Our lives here have been quite simple. We’re staying in a guest house about 1/2 mile from the complex. We eat all of our meals at the Tibetan Om restaurant, which mostly consists of Momos (Tibetan dumplings) and Banana tsampa (wheat porridge). The food is delicious and homemade by a very kind Tibetan family. We visit the Mahabodhi temple each day and practice. And we also have been practicing at Tergar monastery. I’m really grateful for the opportunity to be here, it’s profoundly inspiring for our practice and I hope to benefit others more in the future.

Posted by Kate Dutton on February 17, 2019.

 
REFLECTIONS
 
View from Royal Arch, Boulder, CO

View from Royal Arch, Boulder, CO

Getting ready to leave for India in the next few weeks and reflecting on how grateful I am for the past year in Colorado. The teachings and retreats we attended, growing both our practice and business, connecting with different communities and exploring the beautiful nature. We’ve grown a lot. The vulnerability is creeping in again, that familiar feeling of the excitement of what’s to come and the fear of letting go. In a recent teaching, I heard a teacher say that renunciation is not about giving up this or that, it’s not about not caring about things anymore. It’s about putting yourself in line with the teachings so that you can better yourself and others.
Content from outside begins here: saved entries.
lemma lattice_box_escape:
  fixes c :: real
  assumes c: "c \<in> {-1, 1}" and i: "a$i \<noteq> 0" "Q * (A + 1) < T$i"
    and m: "m \<in> lattice_box T" "m \<notin> boundary_points T"
  obtains m' where "m' \<in> lattice_box T" "m' + axis i (c * Q) \<in> lattice_box T" "m' \<bullet> \<alpha> - m \<bullet> \<alpha> \<in> \<int>"
proof (cases "m + axis i (c * Q) \<in> lattice_box T")
  case True
  then show ?thesis using that m(1) by simp
next
  case False
  have c_Ints: "c \<in> \<int>" "c * Q \<in> \<int>" using c by auto
  have m_Ints: "m$k \<in> \<int>" "0 \<le> m$k" "m$k < T$k" for k using m(1) by (auto simp: lattice_box_def)
  obtain j where j: "a$j \<noteq> 0" "Q * (A + 1) < T$j" "Q * A \<le> m$j" "m$j < T$j - Q * A"
    using m m_Ints by (auto simp: boundary_points_def boundary_layer_def)
  have i_stuck: "\<not> (0 \<le> m$i + c * Q \<and> m$i + c * Q < T$i)"
    using False c_Ints(2) by (simp add: lattice_box_add_axis_iff[OF m(1)])
  \<comment> \<open>move along \<open>t Q (a\<^sub>i e\<^sub>j - a\<^sub>j e\<^sub>i)\<close>, the sign \<open>t\<close> taking \<open>m\<^sub>i\<close> away from the blocking face\<close>
  define t where "t = c * sgn (a$j)"
  define d where "d = Q * \<bar>a$j\<bar>"
  define e where "e = t * Q * a$i"
  have t: "t \<in> \<int>" "\<bar>t\<bar> = 1" "- c * d = - t * Q * a$j"
    using c j(1) by (auto simp: t_def d_def sgn_real_def abs_mult)
  have "1 \<le> \<bar>a$j\<bar>" using Ints_nonzero_abs_ge1[OF a_Ints j(1)] .
  then have d: "Q \<le> d" "d \<le> Q * A" "d \<in> \<int>"
    using a_bounded[of j] a_Ints[of j] Q_pos by (auto simp: d_def mult_left_mono)
  have "\<bar>e\<bar> = Q * \<bar>a$i\<bar>" using t(2) by (simp add: e_def abs_mult)
  then have e: "\<bar>e\<bar> \<le> Q * A" "e \<in> \<int>"
    using a_bounded[of i] a_Ints[of i] t(1) unfolding e_def by (auto simp: mult_left_mono)
  have "i \<noteq> j" using i_stuck j c d by auto
  define m' where "m' = m + axis j e + axis i (- c * d)"
  have m1: "m + axis j e \<in> lattice_box T"
    using lattice_box_add_axis_iff[OF m(1)] j e by (auto simp: abs_le_iff)
  have m1_i: "(m + axis j e)$i = m$i" using \<open>i \<noteq> j\<close> by (simp add: axis_def)
  from c consider "c = -1" | "c = 1" by blast
  then have "0 \<le> m$i - c * d \<and> m$i - c * d < T$i \<and> 0 \<le> m$i + (c * Q - c * d) \<and> m$i + (c * Q - c * d) < T$i"
    using i_stuck d m_Ints[of i] i(2) by cases (auto simp: algebra_simps)
  moreover have "- c * d \<in> \<int>" "c * Q - c * d \<in> \<int>" using c_Ints d by auto
  ultimately have "m' \<in> lattice_box T" "m + axis j e + axis i (c * Q - c * d) \<in> lattice_box T"
    unfolding m'_def lattice_box_add_axis_iff[OF m1] m1_i by simp_all
  moreover have "m' + axis i (c * Q) = m + axis j e + axis i (c * Q - c * d)"
    by (simp add: m'_def axis_def vec_eq_iff)
  moreover have "m' \<bullet> \<alpha> - m \<bullet> \<alpha> \<in> \<int>"
    using inner_alpha_exchange_Ints[OF t(1), of j i] unfolding m'_def e_def t(3)
    by (simp add: inner_add_left)
  ultimately show ?thesis using that by simp
qed

lemma shift_defects_subset_boundary:
  fixes c :: real
  assumes c: "c \<in> {-1, 1}" and i: "a$i \<noteq> 0" "Q * (A + 1) < T$i"
    and X: "X = (\<lambda>m. frac (m \<bullet> \<alpha>)) ` lattice_box T"
  shows "shift_defects X (c * (Q * \<alpha>$i)) \<subseteq> (\<lambda>m. frac (m \<bullet> \<alpha>)) ` boundary_points T"
proof
  have X_unit: "X \<subseteq> {0..<1}" unfolding X by (rule frac_image_subset)
  fix x assume "x \<in> shift_defects X (c * (Q * \<alpha>$i))"
  then obtain m where m: "m \<in> lattice_box T" "x = frac (m \<bullet> \<alpha>)"
    and defect: "x + c * (Q * \<alpha>$i) \<notin> int_translates X"
    unfolding shift_defects_def X by blast
  show "x \<in> (\<lambda>m. frac (m \<bullet> \<alpha>)) ` boundary_points T"
  proof (cases "m \<in> boundary_points T")
    case True
    then show ?thesis using m(2) by blast
  next
    case False
    obtain m' where m': "m' + axis i (c * Q) \<in> lattice_box T" "m' \<bullet> \<alpha> - m \<bullet> \<alpha> \<in> \<int>"
      using lattice_box_escape[OF c i m(1) False] by blast
    have "frac (x + c * (Q * \<alpha>$i)) = frac ((m' + axis i (c * Q)) \<bullet> \<alpha> - (m' \<bullet> \<alpha> - m \<bullet> \<alpha>))"
      unfolding m(2) by (simp add: inner_axis' algebra_simps)
    also have "\<dots> = frac ((m' + axis i (c * Q)) \<bullet> \<alpha>)"
      using m'(2) by (metis Ints_minus diff_conv_add_uminus frac_add_int_right)
    finally have "frac (x + c * (Q * \<alpha>$i)) \<in> X" unfolding X using m'(1) by simp
    then show ?thesis using defect by (simp add: mem_int_translates_iff[OF X_unit])
  qed
qed

definition lattice_height :: "real^'d \<Rightarrow> real \<Rightarrow> real" where
  "lattice_height T x = inv_into (lattice_box T) (\<lambda>m. frac (m \<bullet> \<alpha>)) x \<bullet> a"

lemma lattice_height_descent:
  assumes "\<theta> \<notin> \<rat>" and i: "a$i \<noteq> 0" and X: "X = (\<lambda>m. frac (m \<bullet> \<alpha>)) ` lattice_box T"
    and x: "x \<in> X" "x - Q * \<alpha>$i \<in> int_translates X"
  shows "sgn (a$i) * lattice_height T (frac (x - Q * \<alpha>$i)) < sgn (a$i) * lattice_height T x"
proof -
  define x' where "x' = frac (x - Q * \<alpha>$i)"
  have X_unit: "X \<subseteq> {0..<1}" unfolding X by (rule frac_image_subset)
  then have "x' \<in> X" using x(2) by (simp add: x'_def mem_int_translates_iff)
  define m\<^sub>0 m\<^sub>1 where "m\<^sub>0 = inv_into (lattice_box T) (\<lambda>m. frac (m \<bullet> \<alpha>)) x"
    and "m\<^sub>1 = inv_into (lattice_box T) (\<lambda>m. frac (m \<bullet> \<alpha>)) x'"
  have m\<^sub>0: "m\<^sub>0 \<in> lattice_box T" "frac (m\<^sub>0 \<bullet> \<alpha>) = x"
    using x(1) unfolding X m\<^sub>0_def by (auto intro: inv_into_into f_inv_into_f)
  have m\<^sub>1: "m\<^sub>1 \<in> lattice_box T" "frac (m\<^sub>1 \<bullet> \<alpha>) = x'"
    using \<open>x' \<in> X\<close> unfolding X m\<^sub>1_def by (auto intro: inv_into_into f_inv_into_f)
  define u where "u = m\<^sub>0 - axis i (real Q) - m\<^sub>1"
  have "u$k \<in> \<int>" for k using m\<^sub>0(1) m\<^sub>1(1) by (auto simp: u_def axis_def lattice_box_def)
  moreover have "u \<bullet> \<alpha> = \<lfloor>m\<^sub>0 \<bullet> \<alpha>\<rfloor> + \<lfloor>x - Q * \<alpha>$i\<rfloor> - \<lfloor>m\<^sub>1 \<bullet> \<alpha>\<rfloor>"
    using m\<^sub>0(2) m\<^sub>1(2) unfolding u_def x'_def frac_def by (simp add: inner_diff_left inner_axis')
  ultimately have "u \<bullet> a = 0" using inner_a_eq_0[OF assms(1)] by simp
  then have "m\<^sub>1 \<bullet> a = m\<^sub>0 \<bullet> a - Q * a$i" by (simp add: u_def inner_diff_left inner_axis')
  then have "sgn (a$i) * (m\<^sub>1 \<bullet> a) = sgn (a$i) * (m\<^sub>0 \<bullet> a) - Q * \<bar>a$i\<bar>"
    by (simp add: right_diff_distrib abs_sgn mult.left_commute)
  moreover have "0 < Q * \<bar>a$i\<bar>" using Q_pos i by simp
  ultimately show ?thesis by (simp add: lattice_height_def m\<^sub>0_def m\<^sub>1_def x'_def)
qed

lemma G_num_le_irrational:
  assumes irrational: "\<theta> \<notin> \<rat>" and T: "\<forall>i. 0 < T$i"
  shows "G_num \<alpha> (scale_set T unit_cube) \<le> 3 * (Q * (2 * A + 1)) ^ CARD('d)"
proof -
  define X where "X = (\<lambda>m. frac (m \<bullet> \<alpha>)) ` lattice_box T"
  define B where "B = (\<lambda>m. frac (m \<bullet> \<alpha>)) ` boundary_points T"
  let ?N = "(Q * (2 * A + 1)) ^ CARD('d)"
  have finite_X: "finite X" and X_unit: "X \<subseteq> {0..<1}"
    unfolding X_def by (simp_all add: finite_lattice_box frac_image_subset)
  have "finite (boundary_points T)"
    unfolding boundary_points_def by (intro finite_vectors_with_components finite_boundary_layer)
  then have finite_B: "finite B" unfolding B_def by simp
  have card_B: "card B \<le> ?N" unfolding B_def by (rule card_frac_boundary_points_le)
  have "card (next_gap X ` X) \<le> 3 * ?N"
  proof (cases "\<exists>i. a$i \<noteq> 0 \<and> Q * (A + 1) < T$i")
    case True
    then obtain i where i: "a$i \<noteq> 0" "Q * (A + 1) < T$i" by blast
    let ?\<tau> = "Q * \<alpha>$i"
    have "card (next_gap X ` X) \<le> 2 * card (shift_defects X (- ?\<tau>)) + card (shift_defects X ?\<tau>)"
      using card_next_gaps_le_shift_defects[OF finite_X X_unit, where \<mu> = "\<lambda>x. sgn (a$i) * lattice_height T x"]
        lattice_height_descent[OF irrational i(1) X_def] by blast
    also have "\<dots> \<le> 2 * card B + card B"
      using shift_defects_subset_boundary[OF _ i X_def, of "-1"] shift_defects_subset_boundary[OF _ i X_def, of 1]
      by (intro add_mono mult_left_mono card_mono finite_B) (simp_all add: B_def)
    finally show ?thesis using card_B by simp
  next
    case False
    then have "lattice_box T \<subseteq> boundary_points T"
      by (auto simp: lattice_box_def boundary_points_def boundary_layer_def)
    then have "card X \<le> card B" using finite_B unfolding X_def B_def by (intro card_mono image_mono)
    then show ?thesis using card_image_le[OF finite_X, of "next_gap X"] card_B by simp
  qed
  then show ?thesis
    using T by (simp add: G_num_def S_set_scaled_unit_cube circle_gaps_eq_image X_def)
qed

end

lemma Rats_common_denominator:
  fixes v :: "real^'d"
  assumes "\<forall>i. v$i \<in> \<rat>"
  obtains L :: nat where "0 < L" "\<And>i. real L * v$i \<in> \<int>"
proof -
  have "\<forall>i. \<exists>q::nat. 0 < q \<and> real q * v$i \<in> \<int>"
  proof
    fix i
    obtain p q where "0 < q" "v$i = of_int p / of_int q" using assms Rats_cases' by meson
    then show "\<exists>q::nat. 0 < q \<and> real q * v$i \<in> \<int>" by (intro exI[of _ "nat q"]) auto
  qed
  then obtain d where d: "\<And>i. 0 < d i" "\<And>i. real (d i) * v$i \<in> \<int>" by metis
  have "real (prod d UNIV) * v$i \<in> \<int>" for i
  proof -
    have "real (prod d UNIV) * v$i = real (prod d (UNIV - {i})) * (real (d i) * v$i)"
      by (simp add: prod.remove[of UNIV i])
    also have "\<dots> \<in> \<int>" by (rule Ints_mult[OF Ints_of_nat d(2)])
    finally show ?thesis .
  qed
  moreover have "0 < prod d UNIV" using d(1) by (simp add: prod_pos)
  ultimately show ?thesis using that by blast
qed

lemma G_num_bounded_rational:
  fixes \<alpha> :: "real^'d"
  assumes "\<forall>i. \<alpha>$i \<in> \<rat>"
  shows "\<exists>B. \<forall>T. (\<forall>i. 0 < T$i) \<longrightarrow> G_num \<alpha> (scale_set T unit_cube) \<le> B"
proof -
  obtain L where L: "0 < L" "\<And>i. real L * \<alpha>$i \<in> \<int>" using Rats_common_denominator[OF assms] by blast
  have "G_num \<alpha> (scale_set T unit_cube) \<le> L" if T: "\<forall>i. 0 < T$i" for T :: "real^'d"
  proof -
    define X where "X = (\<lambda>m. frac (m \<bullet> \<alpha>)) ` lattice_box T"
    have X: "finite X" "X \<subseteq> {0..<1}" unfolding X_def by (simp_all add: finite_lattice_box frac_image_subset)
    have "real L * x \<in> \<int>" if "x \<in> X" for x
    proof -
      obtain m where m: "m \<in> lattice_box T" "x = frac (m \<bullet> \<alpha>)" using \<open>x \<in> X\<close> X_def by blast
      have "real L * (m \<bullet> \<alpha>) = m \<bullet> (real L *\<^sub>R \<alpha>)" by simp
      also have "\<dots> \<in> \<int>" using m(1) L(2) by (intro Ints_inner) (auto simp: lattice_box_def)
      finally show ?thesis unfolding m(2) frac_def by (simp add: right_diff_distrib)
    qed
    then have "card (next_gap X ` X) \<le> L" by (rule card_next_gaps_le_denominator[OF X L(1)])
    then show ?thesis using T by (simp add: G_num_def S_set_scaled_unit_cube circle_gaps_eq_image X_def)
  qed
  then show ?thesis by blast
qed

lemma rational_line_of_Rats:
  fixes \<alpha> r s :: "real^'d"
  assumes "\<forall>i. r$i \<in> \<rat>" "\<forall>i. s$i \<in> \<rat>" "\<alpha> = \<beta> *\<^sub>R r + s"
  obtains a b Q A where "rational_line \<alpha> a b (\<beta> / Q) Q A"
proof -
  obtain Q\<^sub>r Q\<^sub>s :: nat where Q: "0 < Q\<^sub>r" "\<And>i. real Q\<^sub>r * r$i \<in> \<int>" "0 < Q\<^sub>s" "\<And>i. real Q\<^sub>s * s$i \<in> \<int>"
    using Rats_common_denominator[OF assms(1)] Rats_common_denominator[OF assms(2)] by metis
  define Q where "Q = Q\<^sub>r * Q\<^sub>s"
  define a where "a = real Q *\<^sub>R r"
  define b where "b = real Q *\<^sub>R s"
  have "a$i = real Q\<^sub>s * (real Q\<^sub>r * r$i)" "b$i = real Q\<^sub>r * (real Q\<^sub>s * s$i)" for i
    by (simp_all add: a_def b_def Q_def)
  then have Ints: "a$i \<in> \<int>" "b$i \<in> \<int>" for i using Q by simp_all
  define A where "A = nat \<lceil>\<Sum>i\<in>UNIV. \<bar>a$i\<bar>\<rceil>"
  have "\<bar>a$i\<bar> \<le> A" for i
  proof -
    have "\<bar>a$i\<bar> \<le> (\<Sum>i\<in>UNIV. \<bar>a$i\<bar>)" by (rule member_le_sum) simp_all
    then show ?thesis unfolding A_def using real_nat_ceiling_ge order_trans by blast
  qed
  moreover have "0 < Q" using Q by (simp add: Q_def)
  ultimately have "rational_line \<alpha> a b (\<beta> / Q) Q A"
    using Ints by unfold_locales (simp_all add: assms(3) a_def b_def)
  then show ?thesis using that by blast
qed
It’s really hard to give up the familiar comforts of living here but I hope that through our meditation practice and study in India we can cultivate ourselves to be of more benefit to others. It might not seem logical or practical, I’m not going to India for specifically business reasons. I’m following my heart and my devotion to making the world a better place.

Posted by Kate Dutton on January 7, 2019.